Scientists have found a way to create fast on/off switches for quantum systems. The technique uses a laser pulse that superimposes atoms and should be up to a thousand times faster than what was previously possible.
The circuitry for quantum computers was designed by the University of Surrey in Guildford, near London. According to the scientists, the technique works by superimposing a phosphorus atom in a silicon chip. Superposition more or less implies that a particle can be in the ‘on’ and ‘off’ state simultaneously, until it decays. This can be done, for example, by measuring the particle.
At the University of Surrey, researchers discovered that it is possible to superimpose the atoms with very short laser pulses. They then managed to superimpose the atom again within a few trillionths of a second; that happened the moment a second laser pulse hit the atom. With these short pulses it is therefore possible to quickly switch between different states.
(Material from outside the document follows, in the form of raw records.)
lemma contact_form_radical_trivial:
  fixes br :: "'a::euclidean_space \<Rightarrow> 'a \<Rightarrow> 'a"
  assumes la: "lie_algebra br" and dim: "DIM('a) = 2*p + 1" and contact: "is_contact_form br p \<omega>"
    and k: "\<omega> k = 0" "\<And>y. \<omega> (br k y) = 0"
  shows "k = 0"
proof (rule ccontr)
  assume "k \<noteq> 0"
  obtain v where lw: "linear \<omega>" and nz: "contact_top_form br \<omega> p v \<noteq> 0"
    using contact unfolding is_contact_form_def by blast
  define u where "u m = v m + (- (k \<bullet> v m) / (k \<bullet> k)) *\<^sub>R k" for m
  have "contact_top_form br \<omega> p u = contact_top_form br \<omega> p v"
    unfolding u_def by (rule contact_top_form_shift_by_radical[OF la lw k])
  moreover have "contact_top_form br \<omega> p u = 0"
  proof (rule contact_top_form_eq_0_if_dim_le[OF la lw])
    show "u ` {0..2*p} \<subseteq> {x. k \<bullet> x = 0}"
      using \<open>k \<noteq> 0\<close> by (auto simp: u_def inner_diff_right)
    show "dim {x. k \<bullet> x = 0} \<le> 2*p"
      using dim_hyperplane[OF \<open>k \<noteq> 0\<close>] dim by simp
  qed
  ultimately show False using nz by simp
qed

lemma zero_mem_lower_central: "0 \<in> lower_central br k"
  by (cases k) (simp_all add: span_zero)

lemma nilpotent_lie_center_nontrivial:
  fixes br :: "'a::euclidean_space \<Rightarrow> 'a \<Rightarrow> 'a"
  assumes la: "lie_algebra br" and nil: "nilpotent_lie br"
  shows "\<exists>z\<in>lie_center br. z \<noteq> 0"
proof -
  define n where "n = (LEAST n. lower_central br n = {0})"
  have n: "lower_central br n = {0}"
    using nil unfolding nilpotent_lie_def n_def by (rule LeastI_ex)
  have "lower_central br 0 \<noteq> {0}"
    using nonzero_Basis nonempty_Basis by (metis UNIV_I lower_central.simps(1) singletonD ex_in_conv)
  then obtain m where m: "n = Suc m" using n by (cases n) auto
  then have "lower_central br m \<noteq> {0}"
    using not_less_Least[of m "\<lambda>n. lower_central br n = {0}"] by (simp add: n_def)
  then obtain y where y: "y \<in> lower_central br m" "y \<noteq> 0"
    using zero_mem_lower_central by blast
  have yx: "br x y = 0" for x
  proof -
    have "br x y \<in> lower_central br (Suc m)"
      using y(1) by (auto intro: span_base)
    then show ?thesis using n m by simp
  qed
  have "br y x = 0" for x
    using yx[of x] lie_algebra_anticomm[OF la, of x y] by simp
  then have "y \<in> lie_center br" by (simp add: lie_center_def)
  with y(2) show ?thesis by blast
qed

lemma contact_nilpotent_radical_subset_center:
  fixes br :: "'a::euclidean_space \<Rightarrow> 'a \<Rightarrow> 'a"
  assumes la: "lie_algebra br" and nil: "nilpotent_lie br"
    and dim: "DIM('a) = 2*p + 1" and contact: "is_contact_form br p \<omega>"
    and x: "\<forall>y. \<omega> (br x y) = 0"
  shows "x \<in> lie_center br"
proof -
  have lw: "linear \<omega>" using contact unfolding is_contact_form_def by blast
  have bil: "bilinear br" by (rule lie_algebra_bilinear[OF la])
  note radical_trivial = contact_form_radical_trivial[OF la dim contact]
  obtain z where z: "z \<in> lie_center br" "z \<noteq> 0"
    using nilpotent_lie_center_nontrivial[OF la nil] by blast
  have bz: "br z y = 0" for y using z(1) by (simp add: lie_center_def)
  have "\<omega> z \<noteq> 0"
    using radical_trivial[of z] z(2) by (auto simp: bz linear_0[OF lw])
  define c where "c = \<omega> x / \<omega> z"
  have "x - c *\<^sub>R z = 0"
  proof (rule radical_trivial)
    show "\<omega> (x - c *\<^sub>R z) = 0"
      using \<open>\<omega> z \<noteq> 0\<close> by (simp add: c_def linear_diff[OF lw] linear_scale[OF lw])
    show "\<omega> (br (x - c *\<^sub>R z) y) = 0" for y
      using x by (simp add: bilinear_lsub[OF bil] bilinear_lmul[OF bil] bz
          linear_diff[OF lw] linear_scale[OF lw] linear_0[OF lw])
  qed
  then show ?thesis
    using subspace_scale[OF lie_center_subspace[OF la] z(1)] by simp
qed

theorem mainTheorem1:
  fixes br :: "'a::euclidean_space \<Rightarrow> 'a \<Rightarrow> 'a" and p :: nat and \<omega> :: "'a \<Rightarrow> real"
  assumes "lie_algebra br"
    and "nilpotent_lie br"
    and "DIM('a) = 2 * p + 1"
    and "is_contact_form br p \<omega>"
  shows "symplectic_quotient_lie br (lie_center br)"
proof (rule symplectic_quotient_lie_centerI[OF assms(1)])
  show "linear \<omega>" using assms(4) unfolding is_contact_form_def by blast
  show "x \<in> lie_center br" if "\<forall>y. \<omega> (br x y) = 0" for x
    using contact_nilpotent_radical_subset_center[OF assms that] .
qed

end
(* Let $n \ge 2$, $k \ge 1$ and $n_i, m_i \in \mathbb{Z}\setminus\{0\}$ for $1 \le i \le k$, and let $G$ be the group presented by $\mathcal{P}_n(n_1,\dots,n_k;m_1,\dots,m_k)$. Then: (i) if $N$ denotes the normal subgroup of $G$ generated by $xyxy^{-1}$, there is a group isomorphism $G/N \cong Q_{4n}$ sending $x \mapsto x$, $y \mapsto y$; (ii) the abelianisations satisfy $G^{\mathrm{ab}} \cong Q_{4n}^{\mathrm{ab}}$.
   Context: $Q_{4n} = \langle x, y \mid x^n y^{-2}, xyxy^{-1} \rangle$. With $n_{k+1} = 1 - \sum_{i=1}^k n_i$, $m_{k+1} = 1 - \sum_{i=1}^k m_i$, $\mathcal{P}_n(n_1,\dots,n_k;m_1,\dots,m_k) = \langle x, y \mid x^n y^{-2},\ x^{n_1} y x^{m_1} y^{-1} \cdots x^{n_{k+1}} y x^{m_{k+1}} y^{-1} \rangle$. *)

theory Defs
  imports "HOL-Algebra.Algebra"
begin

(* Group presentations: letters are (inverted?, generator); words are lists of letters. *)
type_synonym 'a word = "(bool \<times> 'a) list"

definition inv_letter :: "bool \<times> 'a \<Rightarrow> bool \<times> 'a" where
  "inv_letter l = (\<not> fst l, snd l)"

definition pres_step :: "'a word set \<Rightarrow> ('a word \<times> 'a word) set" where
  "pres_step R = {(u @ [l, inv_letter l] @ v, u @ v) | u l v. True}
              \<union> {(u @ r @ v, u @ v) | u r v. r \<in> R}"

definition pres_eq :: "'a word set \<Rightarrow> ('a word \<times> 'a word) set" where
  "pres_eq R = (pres_step R \<union> (pres_step R)\<inverse>)\<^sup>*"

definition pres_word :: "'a word set \<Rightarrow> 'a word \<Rightarrow> 'a word set" where
  "pres_word R w = pres_eq R `` {w}"

(* the group presented by all generators of type 'a and relators R *)
definition presented_group :: "'a word set \<Rightarrow> 'a word set monoid" where
  "presented_group R =
     \<lparr> carrier = UNIV // pres_eq R,
       monoid.mult = (\<lambda>A B. pres_word R ((SOME a. a \<in> A) @ (SOME b. b \<in> B))),
       monoid.one = pres_word R [] \<rparr>"

definition normal_closure :: "('a, 'b) monoid_scheme \<Rightarrow> 'a set \<Rightarrow> 'a set" where
  "normal_closure G S =
     generate G {g \<otimes>\<^bsub>G\<^esub> s \<otimes>\<^bsub>G\<^esub> inv\<^bsub>G\<^esub> g | g s. g \<in> carrier G \<and> s \<in> S}"

datatype gen = GX | GY

definition xw :: "gen word" where "xw = [(False, GX)]"
definition yw :: "gen word" where "yw = [(False, GY)]"
definition yinvw :: "gen word" where "yinvw = [(True, GY)]"

definition pow_word :: "gen \<Rightarrow> int \<Rightarrow> gen word" where
  "pow_word a z = (if 0 \<le> z then replicate (nat z) (False, a) else replicate (nat (- z)) (True, a))"

(* relators of Q_{4n} = <x, y | x^n y^{-2}, x y x y^{-1}> *)
definition Q_rels :: "nat \<Rightarrow> gen word set" where
  "Q_rels n = {pow_word GX (int n) @ pow_word GY (-2), xw @ yw @ xw @ yinvw}"

definition P_rels :: "nat \<Rightarrow> int list \<Rightarrow> int list \<Rightarrow> gen word set" where
  "P_rels n ns ms =
     (let ns' = ns @ [1 - sum_list ns]; ms' = ms @ [1 - sum_list ms] in
      {pow_word GX (int n) @ pow_word GY (-2),
       concat (map (\<lambda>(a, b). pow_word GX a @ yw @ pow_word GX b @ yinvw) (zip ns' ms'))})"

end

theory Submission
  imports Defs
begin

(* Write c = x y x y^-1.  If conjugation by y raises x to the power e, every block
   x^n_i y x^m_i y^-1 of the long relator equals x^(n_i + e m_i), so by the choice of n_(k+1)
   and m_(k+1) the whole relator equals x^(1 + e).  Modulo c we have e = -1, so the long
   relator becomes a consequence of c and adding c to P_n gives exactly the presentation of
   Q_4n: this is (i).  In an abelian group e = 1 and both the long relator and c equal x^2,
   so the two presentations have the same abelianisation: this is (ii). *)

section \<open>Presented groups\<close>

lemma pres_step_append_context:
  assumes "(u, v) \<in> pres_step R"
  shows "(p @ u @ q, p @ v @ q) \<in> pres_step R"
proof -
  from assms consider (cancel) a l b where "u = a @ [l, inv_letter l] @ b" "v = a @ b"
    | (relator) a r b where "u = a @ r @ b" "v = a @ b" "r \<in> R"
    unfolding pres_step_def by blast
  then show ?thesis
  proof cases
    case cancel
    then have "(p @ u @ q, p @ v @ q) = ((p @ a) @ [l, inv_letter l] @ (b @ q), (p @ a) @ (b @ q))"
      by simp
    then show ?thesis unfolding pres_step_def by blast
  next
    case relator
    then have "(p @ u @ q, p @ v @ q) = ((p @ a) @ r @ (b @ q), (p @ a) @ (b @ q))"
      by simp
    then show ?thesis using relator(3) unfolding pres_step_def by blast
  qed
qed

lemma equiv_pres_eq: "equiv UNIV (pres_eq R)"
  unfolding pres_eq_def
  by (rule equivI) (auto simp: refl_rtrancl sym_rtrancl sym_Un_converse trans_rtrancl)

lemma pres_eq_refl [simp]: "(w, w) \<in> pres_eq R"
  unfolding pres_eq_def by simp

lemma pres_eq_trans: "(u, v) \<in> pres_eq R \<Longrightarrow> (v, w) \<in> pres_eq R \<Longrightarrow> (u, w) \<in> pres_eq R"
  unfolding pres_eq_def by (rule rtrancl_trans)
lemma simple_graph_finite_edges:
  assumes "simple_graph V E"
  shows "finite E"
proof (rule finite_subset)
  show "E \<subseteq> Pow V" using assms by (auto simp: simple_graph_def)
  show "finite (Pow V)" using assms by (simp add: simple_graph_def)
qed

lemma mem_nbrs_commute: "u \<in> nbrs E v \<longleftrightarrow> v \<in> nbrs E u"
  by (simp add: nbrs_def insert_commute)

lemma zf_closure_mono:
  assumes "B \<subseteq> B'"
  shows "zf_closure E B \<subseteq> zf_closure E B'"
proof
  fix x assume "x \<in> zf_closure E B"
  then show "x \<in> zf_closure E B'"
    by induction (use assms in \<open>auto intro: zf_closure.init zf_closure.force\<close>)
qed

lemma zf_closure_subset:
  assumes "\<forall>u\<in>B. \<forall>v\<in>nbrs E u. v \<notin> B \<longrightarrow> (\<exists>w\<in>nbrs E u. w \<noteq> v \<and> w \<notin> B)"
  shows "zf_closure E B \<subseteq> B"
proof
  fix x assume "x \<in> zf_closure E B"
  then show "x \<in> B"
    by induction (use assms in blast)+
qed

lemma exists_force:
  assumes "V \<subseteq> zf_closure E B" "\<not> V \<subseteq> B"
  obtains u v where "u \<in> B" "v \<in> nbrs E u" "v \<notin> B" "\<forall>w\<in>nbrs E u. w \<noteq> v \<longrightarrow> w \<in> B"
  using zf_closure_subset[of B E] assms by blast

lemma zero_forcing_number_witness:
  assumes "finite V"
  obtains Z where "zero_forcing_set V E Z" "card Z = zero_forcing_number V E"
proof -
  have "zero_forcing_set V E V"
    by (auto simp: zero_forcing_set_def intro: zf_closure.init)
  then show ?thesis
    using that LeastI[of "\<lambda>k. \<exists>Z. zero_forcing_set V E Z \<and> card Z = k" "card V"]
    unfolding zero_forcing_number_def by blast
qed

lemma not_subset_if_card_le_degree:
  assumes sg: "simple_graph V E" and "Z \<subseteq> V" "x \<in> V" "card Z \<le> degree E x"
  shows "\<not> V \<subseteq> Z"
proof
  assume "V \<subseteq> Z"
  have "finite Z" using assms(2) sg finite_subset by (auto simp: simple_graph_def)
  have "nbrs E x \<subseteq> Z - {x}"
    using simple_graph_nbrs_subset[OF sg] simple_graph_not_in_nbrs[OF sg] \<open>V \<subseteq> Z\<close> by blast
  then have "degree E x \<le> card Z - 1"
    using \<open>finite Z\<close> card_mono[of "Z - {x}"] \<open>V \<subseteq> Z\<close> \<open>x \<in> V\<close>
    by (simp add: degree_def card_Diff_singleton subset_iff)
  moreover have "card Z > 0" using \<open>finite Z\<close> \<open>V \<subseteq> Z\<close> \<open>x \<in> V\<close> card_gt_0_iff by blast
  ultimately show False using assms(4) by linarith
qed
During the experiments it was discovered that the state of superposition is also preserved when electrons ‘float’ around the phosphorus atom. This happens, for example, when power is applied to the system. The stability of superposition is important because it increases the reliability of the quantum information stored in the state of atoms.
The new technology should contribute to the development of quantum computers. The quick switching between ‘on’ and ‘off’ states should help to quickly perform calculations that work with qubits, the quantum variant of conventional bits. In the future, the researchers want to see whether they can scale up their switching method in order to make the building blocks for quantum computers larger.